--- Task material Enclosed Below ---
(* Let $G$ be a finite group with subgroups $H$ and $K$, and let $\Omega_K$ be a left transversal of the normalizer $N_G(K)$ in $G$. Then the number of double cosets $HgK$ is $$|H\backslash G/K|=\sum_{l\in\Omega_K}\frac{[N_G(K):K]\cdot|lKl^{-1}\cap H|}{|H|}.$$
   Context: A left transversal of a subgroup is a set of representatives of its left cosets in $G$. *)

theory Defs
  imports Complex_Main "HOL-Algebra.Group_Action"
begin

definition double_cosets :: "('a, 'b) monoid_scheme \<Rightarrow> 'a set \<Rightarrow> 'a set \<Rightarrow> 'a set set" where
  "double_cosets G H K = {(H #>\<^bsub>G\<^esub> g) <#>\<^bsub>G\<^esub> K | g. g \<in> carrier G}"

definition left_transversal :: "('a, 'b) monoid_scheme \<Rightarrow> 'a set \<Rightarrow> 'a set \<Rightarrow> bool" where
  "left_transversal G N \<Omega> \<longleftrightarrow> \<Omega> \<subseteq> carrier G \<and>
     (\<forall>g \<in> carrier G. \<exists>!l \<in> \<Omega>. l <#\<^bsub>G\<^esub> N = g <#\<^bsub>G\<^esub> N)"

end

theory Submission
  imports Defs "HOL-Algebra.Left_Coset"
begin

text \<open>
  The double coset H g K is a right translate of the product set H (g K g^-1), so the product
  formula for subgroups gives |H g K| |H \<inter> g K g^-1| = |H| |K|. Summing 1/|H g K| over all
  g counts every double coset exactly once, hence the number of double cosets is the sum over
  g of |H \<inter> g K g^-1| / (|H| |K|). Conjugation by elements of the normalizer N fixes K, so
  the summand is constant on each left coset l N, and grouping the sum along the transversal
  contributes the factor |N|.
\<close>

lemma card_image_eq_sum_inverse_card:
  fixes B :: "'a \<Rightarrow> 'a set"
  assumes "finite A"
    and self_mem: "\<And>x. x \<in> A \<Longrightarrow> x \<in> B x"
    and subset: "\<And>x. x \<in> A \<Longrightarrow> B x \<subseteq> A"
    and repr: "\<And>x y. x \<in> A \<Longrightarrow> y \<in> B x \<Longrightarrow> B y = B x"
  shows "real (card (B ` A)) = (\<Sum>x\<in>A. 1 / real (card (B x)))"
proof -
  have class_sum: "(\<Sum>y\<in>{y\<in>A. B y = B x}. 1 / real (card (B y))) = 1" if "x \<in> A" for x
  proof -
    have class_eq: "{y\<in>A. B y = B x} = B x"
      using that self_mem subset repr by blast
    have "finite (B x)"
      using that subset \<open>finite A\<close> finite_subset by blast
    then have "card (B x) > 0"
      using that self_mem card_gt_0_iff by blast
    have "(\<Sum>y\<in>{y\<in>A. B y = B x}. 1 / real (card (B y))) = (\<Sum>y\<in>B x. 1 / real (card (B x)))"
      unfolding class_eq using repr[OF that] by (intro sum.cong) auto
    also have "\<dots> = 1"
      using \<open>card (B x) > 0\<close> by simp
    finally show ?thesis .
  qed
  have "(\<Sum>x\<in>A. 1 / real (card (B x))) = (\<Sum>E\<in>B ` A. \<Sum>y\<in>{y\<in>A. B y = E}. 1 / real (card (B y)))"
    by (rule sum.group[symmetric]) (use \<open>finite A\<close> in auto)
  also have "\<dots> = (\<Sum>E\<in>B ` A. 1)"
    using class_sum by (intro sum.cong) blast+
  finally show ?thesis by simp
qed

context group begin

lemma card_r_coset:
  assumes "H \<subseteq> carrier G" "x \<in> carrier G"
  shows "card (H #> x) = card H"
  using card_rcosets_equal[OF rcosetsI[OF assms] assms(1)] by (rule sym)

lemma card_l_coset:
  assumes "H \<subseteq> carrier G" "x \<in> carrier G"
  shows "card (x <# H) = card H"
proof -
  have "x <# H = (\<lambda>h. x \<otimes> h) ` H"
    unfolding l_coset_def by blast
  then show ?thesis
    using inj_on_g'[OF assms] by (simp add: card_image)
qed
--- End of Enclosed Task material ---
Your goal: Exactly the lines from the one containing "by (rule sum.group[symmetric])" through the final line above, and only those, should be given again.

Solution to this task:
    by (rule sum.group[symmetric]) (use \<open>finite A\<close> in auto)
  also have "\<dots> = (\<Sum>E\<in>B ` A. 1)"
    using class_sum by (intro sum.cong) blast+
  finally show ?thesis by simp
qed

context group begin

lemma card_r_coset:
  assumes "H \<subseteq> carrier G" "x \<in> carrier G"
  shows "card (H #> x) = card H"
  using card_rcosets_equal[OF rcosetsI[OF assms] assms(1)] by (rule sym)

lemma card_l_coset:
  assumes "H \<subseteq> carrier G" "x \<in> carrier G"
  shows "card (x <# H) = card H"
proof -
  have "x <# H = (\<lambda>h. x \<otimes> h) ` H"
    unfolding l_coset_def by blast
  then show ?thesis
    using inj_on_g'[OF assms] by (simp add: card_image)
qed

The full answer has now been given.